Palm shares dip 25 percent after disappointing earnings call
Palm’s latest earnings call, in which the company announced a very disappointing $22-million loss during its fiscal Q3, has led to a 25% dip in shares. Palm stock in turn has dipped below $5 for the first time since the Palm Pre was first announced a bit over a year ago.
Morgan Joseph analyst Ilya Grozovsky’s current rating on the stock is “sell” and he was quoted as saying, “The death spiral is accelerating.” Technically, this is exactly what the 25% dip in shares means and if Palm keeps on at this downward trajectory, eventually they’re going to hit a spot where they’ll be six feet under.

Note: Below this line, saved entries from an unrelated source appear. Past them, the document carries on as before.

text \<open>First-order optimality of the Rayleigh quotient |A v|^2 / |v|^2 at its maximizer.\<close>

lemma norm_maximizer_is_eigenvector:
  fixes A :: "real^'p^'n"
  assumes u: "norm u = 1" and max: "\<And>v. norm (A *v v) \<le> norm (A *v u) * norm v"
  shows "(transpose A ** A) *v u = (norm (A *v u))\<^sup>2 *\<^sub>R u"
proof -
  define \<mu> where "\<mu> = (norm (A *v u))\<^sup>2"
  have orth: "(A *v u) \<bullet> (A *v w) = \<mu> * (u \<bullet> w)" for w
  proof -
    have "2 * t * ((A *v u) \<bullet> (A *v w) - \<mu> * (u \<bullet> w)) + t\<^sup>2 * ((norm (A *v w))\<^sup>2 - \<mu> * (norm w)\<^sup>2) \<le> 0"
      for t
    proof -
      have "(norm (A *v (u + t *\<^sub>R w)))\<^sup>2 \<le> \<mu> * (norm (u + t *\<^sub>R w))\<^sup>2"
        using max[of "u + t *\<^sub>R w"] unfolding \<mu>_def
        by (metis norm_ge_zero power_mono power_mult_distrib)
      then show ?thesis
        using u by (simp add: \<mu>_def matrix_vector_right_distrib matrix_vector_mult_scaleR
            power2_norm_add_scaleR algebra_simps)
    qed
    then show ?thesis
      using linear_coeff_eq_0_if_quadratic_nonpos by fastforce
  qed
  define e where "e = (transpose A ** A) *v u - \<mu> *\<^sub>R u"
  have "e = transpose A *v (A *v u) - \<mu> *\<^sub>R u"
    by (simp only: e_def matrix_vector_mul_assoc)
  then have "e \<bullet> e = (transpose A *v (A *v u)) \<bullet> e - \<mu> * (u \<bullet> e)"
    by (metis inner_diff_left inner_scaleR_left)
  also have "\<dots> = (A *v u) \<bullet> (A *v e) - \<mu> * (u \<bullet> e)"
    by (simp only: inner_transpose_matrix)
  finally have "e \<bullet> e = (A *v u) \<bullet> (A *v e) - \<mu> * (u \<bullet> e)" .
  then have "e = 0"
    using orth[of e] by simp
  then show ?thesis
    by (simp add: e_def \<mu>_def)
qed
text \<open>Write Y = sum_k c_k y_k, where y_k is the outer product of the vectors y l k over the
  modes l. Both |Y|^2 and |Y x_1 A_1 ... x_d A_d|^2 are Hermitian forms in c whose kernels are
  the products over the modes of the Gram matrices <y l k, y l h>, resp.
  <A_l y l k, A_l y l h>. By polarization, an e-JL embedding of the 4 r^2 vectors
  y l k + i^p y l h moves every Gram entry by at most delta = 4 e, so the product kernel moves
  by at most (1 + delta)^d - 1 on the diagonal and (mu + delta)^d - mu^d off it, where mu is
  the coherence; for delta = eps / (9 d r^(1/d)) the total error is at most
  eps/2 sum_k |c_k|^2. The coherence bound makes the original kernel diagonally dominant,
  whence |Y|^2 >= 1/2 sum_k |c_k|^2. With the stated m_j each A_j
  is such an embedding with probability 1 - eta/d, and independence of the modes gives
  probability (1 - eta/d)^d >= 1 - eta.\<close>

section \<open>Norms of linear combinations of rank-one tensors\<close>

definition outer_sum :: "nat \<Rightarrow> nat \<Rightarrow> (nat \<Rightarrow> complex) \<Rightarrow> (nat \<Rightarrow> nat \<Rightarrow> cvec) \<Rightarrow> tensor" where
  "outer_sum d r c z = (\<lambda>i. \<Sum>k<r. c k * outer d (\<lambda>l. z l k) i)"

definition sesq_form :: "nat \<Rightarrow> (nat \<Rightarrow> complex) \<Rightarrow> (nat \<Rightarrow> nat \<Rightarrow> complex) \<Rightarrow> complex" where
  "sesq_form r c K = (\<Sum>k<r. \<Sum>h<r. c k * cnj (c h) * K k h)"

lemma mode_prod_outer_sum:
  assumes "j < d"
  shows "mode_prod (outer_sum d r c z) j nj U =
     outer_sum d r c (\<lambda>l k. if l = j then mat_vec nj U (z l k) else z l k)"
proof
  fix i
  have split_j: "(\<Prod>l<d. f l) = f j * (\<Prod>l\<in>{..<d}-{j}. f l)" for f :: "nat \<Rightarrow> complex"
    using prod.remove[of "{..<d}" j] assms by simp
  have "mode_prod (outer_sum d r c z) j nj U i
      = (\<Sum>q<nj. \<Sum>k<r. c k * (z j k q * (\<Prod>l\<in>{..<d}-{j}. z l k (i l))) * U (i j) q)"
    unfolding mode_prod_def outer_sum_def outer_def sum_distrib_right
    by (intro sum.cong refl) (simp add: split_j)
  also have "\<dots> = (\<Sum>k<r. c k * (mat_vec nj U (z j k) (i j) * (\<Prod>l\<in>{..<d}-{j}. z l k (i l))))"
    unfolding mat_vec_def sum_distrib_left sum_distrib_right
    by (subst sum.swap) (intro sum.cong refl, simp add: algebra_simps)
  also have "\<dots> = outer_sum d r c (\<lambda>l k. if l = j then mat_vec nj U (z l k) else z l k) i"
    unfolding outer_sum_def outer_def by (intro sum.cong refl) (simp add: split_j)
  finally show "mode_prod (outer_sum d r c z) j nj U i =
      outer_sum d r c (\<lambda>l k. if l = j then mat_vec nj U (z l k) else z l k) i" .
qed

lemma modes_prod_outer_sum:
  "j \<le> d \<Longrightarrow> modes_prod (outer_sum d r c z) n A j =
     outer_sum d r c (\<lambda>l k. if l < j then mat_vec (n l) (A l) (z l k) else z l k)"
proof (induction j)
  case 0
  then show ?case by simp
next
  case (Suc j)
  then show ?case
    by (simp add: mode_prod_outer_sum)
      (rule arg_cong[where f = "outer_sum d r c"], auto simp: fun_eq_iff less_Suc_eq)
qed

lemma of_real_vnorm_sq: "complex_of_real (vnorm_sq n x) = (\<Sum>i<n. x i * cnj (x i))"
  unfolding vnorm_sq_def of_real_sum complex_norm_square by simp

lemma vinner_self: "vinner n x x = complex_of_real (vnorm_sq n x)"
  unfolding vinner_def of_real_vnorm_sq ..

lemma vnorm_sq_nonneg: "0 \<le> vnorm_sq n x"
  unfolding vnorm_sq_def by (simp add: sum_nonneg)

lemma tnorm_sq_outer_sum:
  "complex_of_real (tnorm_sq n d (outer_sum d r c z)) =
     sesq_form r c (\<lambda>k h. \<Prod>l<d. vinner (n l) (z l k) (z l h))"
proof -
  have "complex_of_real (tnorm_sq n d (outer_sum d r c z)) =
     (\<Sum>i\<in>tidx n d. \<Sum>k<r. \<Sum>h<r. c k * cnj (c h) * (\<Prod>l<d. z l k (i l) * cnj (z l h (i l))))"
    unfolding tnorm_sq_def of_real_sum complex_norm_square
    by (intro sum.cong refl)
      (simp add: outer_sum_def outer_def cnj_sum cnj_prod sum_product prod.distrib mult_ac)
  also have "\<dots> = (\<Sum>k<r. \<Sum>h<r. c k * cnj (c h) *
                    (\<Sum>i\<in>tidx n d. \<Prod>l<d. z l k (i l) * cnj (z l h (i l))))"
    unfolding sum_distrib_left by (subst sum.swap) (simp add: sum.swap[of _ "tidx n d"])
  also have "\<dots> = sesq_form r c (\<lambda>k h. \<Prod>l<d. vinner (n l) (z l k) (z l h))"
    unfolding sesq_form_def vinner_def tidx_def by (subst prod_sum_PiE) auto
  finally show ?thesis .
qed

lemma sesq_form_diff: "sesq_form r c K - sesq_form r c K' = sesq_form r c (\<lambda>k h. K k h - K' k h)"
  unfolding sesq_form_def by (simp add: sum_subtractf right_diff_distrib)

lemma sesq_form_identity:
  "sesq_form r c (\<lambda>k h. if k = h then 1 else 0) = complex_of_real (\<Sum>k<r. (cmod (c k))\<^sup>2)"
  unfolding sesq_form_def of_real_sum complex_norm_square
  by (intro sum.cong refl) (simp add: if_distrib cong: if_cong)

lemma norm_sesq_form_le:
  assumes "\<And>k. k < r \<Longrightarrow> cmod (K k k) \<le> a"
    and "\<And>k h. k < r \<Longrightarrow> h < r \<Longrightarrow> k \<noteq> h \<Longrightarrow> cmod (K k h) \<le> b"
    and "0 \<le> b"
  shows "cmod (sesq_form r c K) \<le> (a + b * real r) * (\<Sum>k<r. (cmod (c k))\<^sup>2)"
proof -
  let ?N = "\<Sum>k<r. (cmod (c k))\<^sup>2"
  have "cmod (sesq_form r c K) \<le> (\<Sum>k<r. \<Sum>h<r. cmod (c k) * cmod (c h) * cmod (K k h))"
    unfolding sesq_form_def
    by (rule order.trans[OF norm_sum sum_mono[OF order.trans[OF norm_sum]]]) (simp add: norm_mult)
  also have "\<dots> \<le> (\<Sum>k<r. \<Sum>h<r. (if k = h then a * (cmod (c k))\<^sup>2 else 0) + b * (cmod (c k) * cmod (c h)))"
  proof (intro sum_mono)
    fix k h
    assume "k \<in> {..<r}" "h \<in> {..<r}"
    show "cmod (c k) * cmod (c h) * cmod (K k h)
        \<le> (if k = h then a * (cmod (c k))\<^sup>2 else 0) + b * (cmod (c k) * cmod (c h))"
    proof (cases "k = h")
      case True
      with assms(1,3) \<open>k \<in> {..<r}\<close> have "cmod (K k h) \<le> a + b"
        by (auto intro: add_increasing2)
      then have "cmod (c k) * cmod (c h) * cmod (K k h) \<le> cmod (c k) * cmod (c h) * (a + b)"
        by (intro mult_left_mono) auto
      with True show ?thesis by (simp add: power2_eq_square algebra_simps)
    next
      case False
      with assms(2) \<open>k \<in> {..<r}\<close> \<open>h \<in> {..<r}\<close> have "cmod (K k h) \<le> b" by auto
      then have "cmod (c k) * cmod (c h) * cmod (K k h) \<le> cmod (c k) * cmod (c h) * b"
        by (intro mult_left_mono) auto
      with False show ?thesis by (simp add: algebra_simps)
    qed
  qed
  also have "\<dots> = a * ?N + b * (\<Sum>k<r. cmod (c k))\<^sup>2"
    by (simp add: sum.distrib sum_distrib_left sum_distrib_right power2_eq_square mult_ac)
  also have "\<dots> \<le> a * ?N + b * (?N * real r)"
    using sum_squared_le_sum_of_squares[of "\<lambda>k. cmod (c k)" "{..<r}"] assms(3)
    by (intro add_left_mono mult_left_mono) auto
  finally show ?thesis by (simp add: algebra_simps)
qed

section \<open>Perturbation of products\<close>

lemma norm_prod_diff_le:
  fixes a b :: "nat \<Rightarrow> 'a::real_normed_field"
  assumes "\<And>l. l < d \<Longrightarrow> norm (b l) \<le> \<beta>" "\<And>l. l < d \<Longrightarrow> norm (a l - b l) \<le> \<delta>"
    and "0 \<le> \<beta>" "0 \<le> \<delta>"
  shows "norm ((\<Prod>l<d. a l) - (\<Prod>l<d. b l)) \<le> (\<beta> + \<delta>) ^ d - \<beta> ^ d"
  using assms(1,2)
proof (induction d)
  case 0
  then show ?case by simp
next
  case (Suc d)
  have IH: "norm ((\<Prod>l<d. a l) - (\<Prod>l<d. b l)) \<le> (\<beta> + \<delta>) ^ d - \<beta> ^ d"
    using Suc by auto
  have a_d: "norm (a d) \<le> \<beta> + \<delta>"
    using Suc.prems[of d] norm_triangle_ineq[of "a d - b d" "b d"] by simp
  have "norm (\<Prod>l<d. b l) = (\<Prod>l<d. norm (b l))"
    by (simp add: prod_norm)
  also have "\<dots> \<le> (\<Prod>l<d. \<beta>)"
    using Suc.prems(1) by (intro prod_mono) auto
  finally have prod_b: "norm (\<Prod>l<d. b l) \<le> \<beta> ^ d" by simp
  have "(\<Prod>l<Suc d. a l) - (\<Prod>l<Suc d. b l) =
      a d * ((\<Prod>l<d. a l) - (\<Prod>l<d. b l)) + (a d - b d) * (\<Prod>l<d. b l)"
    by (simp add: algebra_simps)
  then have "norm ((\<Prod>l<Suc d. a l) - (\<Prod>l<Suc d. b l)) \<le>
      norm (a d) * norm ((\<Prod>l<d. a l) - (\<Prod>l<d. b l)) + norm (a d - b d) * norm (\<Prod>l<d. b l)"
    by (metis norm_mult norm_triangle_ineq)
  also have "\<dots> \<le> (\<beta> + \<delta>) * ((\<beta> + \<delta>) ^ d - \<beta> ^ d) + \<delta> * \<beta> ^ d"
    using a_d IH prod_b Suc.prems(2)[of d] assms(3,4) by (intro add_mono mult_mono) auto
  also have "\<dots> = (\<beta> + \<delta>) ^ Suc d - \<beta> ^ Suc d"
    by (simp add: algebra_simps)
  finally show ?case .
qed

What Palm is doing about it is not clear at the moment. In a letter to employees, Palm’s chairman and CEO Jon Rubinstein says:
“Our recent underperformance has been very disappointing, but the potential for Palm remains strong. The work we’re doing to improve sales is having an impact, we’re making great progress on future products, and we’re looking forward to upcoming launches with new carrier partners.
Many people believe that webOS is an excellent mobile OS, but right now there doesn’t seem to be any devices able to fully take advantage of it, or convince new users to spring for a new phone. Perhaps it’s time to release a new flagship phone? Or offer the Pre unlocked all over the world? Palm actually has plenty of choices, if they would only move.
If you liked the post, you might find these interesting too:
- Palm offers more shares for sale; Nokia interested in buying?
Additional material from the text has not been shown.